Паскаль показал обложку книги. Это были «Опыты» Монтеня.
— А! — кивнул Артур. — Вспоминаю — читал… Добродушный человек, но немного наивный…Его даже разбойники пожалели. Видят — малый не от мира сего… А ты знаешь, по мнению некоторых, именно эту книгу читал Гамлет при встрече с Полонием. Именно про неё известная фраза: «что читаете, милорд? — слова, слова, слова…» Шекспир мог читать эту книгу на французском.
— Монтень конечно современник Шекспира, но никак не Гамлета, — недоверчиво возразил Паскаль.
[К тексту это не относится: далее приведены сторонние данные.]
(* Let $k\ge2$. For all integers $n\ge1$ and $i\ge0$, $|\mathsf{Manila}_k(n,i)|=|\mathsf{Paths}_k(n,i)|$.
   Context: Fix $k\ge2$. The sets $\mathsf{Manila}_k(n,i)$ of formal words (manila folder configurations: $n$ folders each with $k-1$ compartments, $i+1$ spines visible from below) are defined recursively: (M1) $\mathsf{Manila}_k(0,-1)=\{\epsilon\}$ (the empty configuration); (M2) for $n\ge1$, $\mathsf{Manila}_k(n,0)$ consists of all bracketed tuples $(M_1,\dots,M_{k-1})$ with $M_j\in\mathsf{Manila}_k(n_j,i_j)$ for some $n_j\ge0$ and any $i_j$, where $n_1+\dots+n_{k-1}=n-1$; (M3) for $\ell>1$, $\mathsf{Manila}_k(n,\ell-1)$ consists of all concatenations $M_1M_2\cdots M_\ell$ with $M_j\in\mathsf{Manila}_k(n_j,0)$ and $n_1+\dots+n_\ell=n$. $\mathsf{Paths}_k(n,i)$ is the set of lattice paths from $((k-1)n,n)$ to $(0,0)$ using unit south steps $(0,-1)$ and unit west steps $(-1,0)$, staying in the first quadrant weakly below the line $(k-1)y=x$ (i.e. $(k-1)y\le x$ at every point), which meet the line $(k-1)y=x$ at exactly $i$ lattice points other than the two endpoints. *)

theory Defs
  imports Main
begin

text \<open>Formal words for manila folder configurations: strings over the
alphabet of left bracket, comma and right bracket.  A tuple
(M_1,...,M_{k-1}) is the word  LP M_1 Comma M_2 ... Comma M_{k-1} RP.\<close>

datatype sym = LP | Comma | RP

fun comma_join :: "sym list list \<Rightarrow> sym list" where
  "comma_join [] = []"
| "comma_join [M] = M"
| "comma_join (M # Ms) = M @ [Comma] @ comma_join Ms"

definition tuple_word :: "sym list list \<Rightarrow> sym list" where
  "tuple_word Ms = [LP] @ comma_join Ms @ [RP]"

text \<open>manila k n i w  means  w \<in> Manila_k(n,i).  The index i is an integer
since Manila_k(0,-1) occurs.\<close>

inductive manila :: "nat \<Rightarrow> nat \<Rightarrow> int \<Rightarrow> sym list \<Rightarrow> bool" for k :: nat where
  M1: "manila k 0 (-1) []"
| M2: "\<lbrakk> n \<ge> 1; length Ms = k - 1; length ns = k - 1; length is = k - 1;
         \<forall>j < k - 1. manila k (ns ! j) (is ! j) (Ms ! j);
         sum_list ns = n - 1 \<rbrakk>
       \<Longrightarrow> manila k n 0 (tuple_word Ms)"
| M3: "\<lbrakk> l > 1; length Ms = l; length ns = l;
         \<forall>j < l. manila k (ns ! j) 0 (Ms ! j);
         sum_list ns = n \<rbrakk>
       \<Longrightarrow> manila k n (int l - 1) (concat Ms)"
— Авторы часто вручают герою свои мысли. Флобер совсем не шутил, когда говорил: «мадам Бовари — это я». Если бы мы могли узнать реального Амлета из «Деяния данов», боюсь, мы бы испытали разочарование.
Паскаль закрыл книгу, заложив между страниц закладку.
— Какая странная у тебя закладка, — удивился Артур. — Это доллар, если мне не изменяют глаза?
— Он самый — one dollar. Оставил себе на память о прошлой жизни на «большой земле».
Паскаль вытащил бумажку, повертел её в руках и улыбнулся.
— Странно думать, что где-то в сотнях километров отсюда большой мир. Где продолжается «суета сует», проходят вечные выборы, демонстрации, войны, конфликты, и над всем этим — деньги, деньги, деньги… Как хорошо, что у нас деньги равны нулю. Они не стоят даже той бумаги, на которой напечатаны.
Он сунул банкноту обратно и положил книгу на кровать.
— Ну… Хозяин наверно с тобой не согласится, — засомневался Артур.
— Значит, я в лучшем положении, чем он, — заметил Паскаль. — Я использую их только как закладку для книг. Какие ещё варианты?
— Можно растапливать печку, — включился в игру Артур.
— Годится… Можно скрутить самокрутку с табаком. Что ещё?
— Можно… Стены обклеить вместо обоев.
— Допустим… А можно коллекционировать, как марки.
— Так, так… Как марки, говоришь. Ну так можно их использовать вместо марок — наклеивать на письмо.
— Это не письмо, а целая бандероль получится!
— Ну почему? Может, это письмо Гулливера на родину. Вот он лилипутские деньги вместо марок и клеит.
— Ну ладно, уговорил!.. Что-то у меня фантазия иссякла — что ещё можно сделать с этими бумажками. Разве что вместо туалетной бумаги использовать. Но боюсь, что они и для этого не годятся. Игра закончена, ты победил. Возьми с полки пирожок, как говорила моя девушка.
— Она тебе хоть пишет?
— Нет! — отвернулся Паскаль. — Она давно уже не моя девушка. Это я так, по старой памяти.
— Пишут только Сократу, Поэту и Судье, — продолжил он. — Писака тоже с каждым кораблём отправляет послания, но ему никто не отвечает. Видно он и там всех достал.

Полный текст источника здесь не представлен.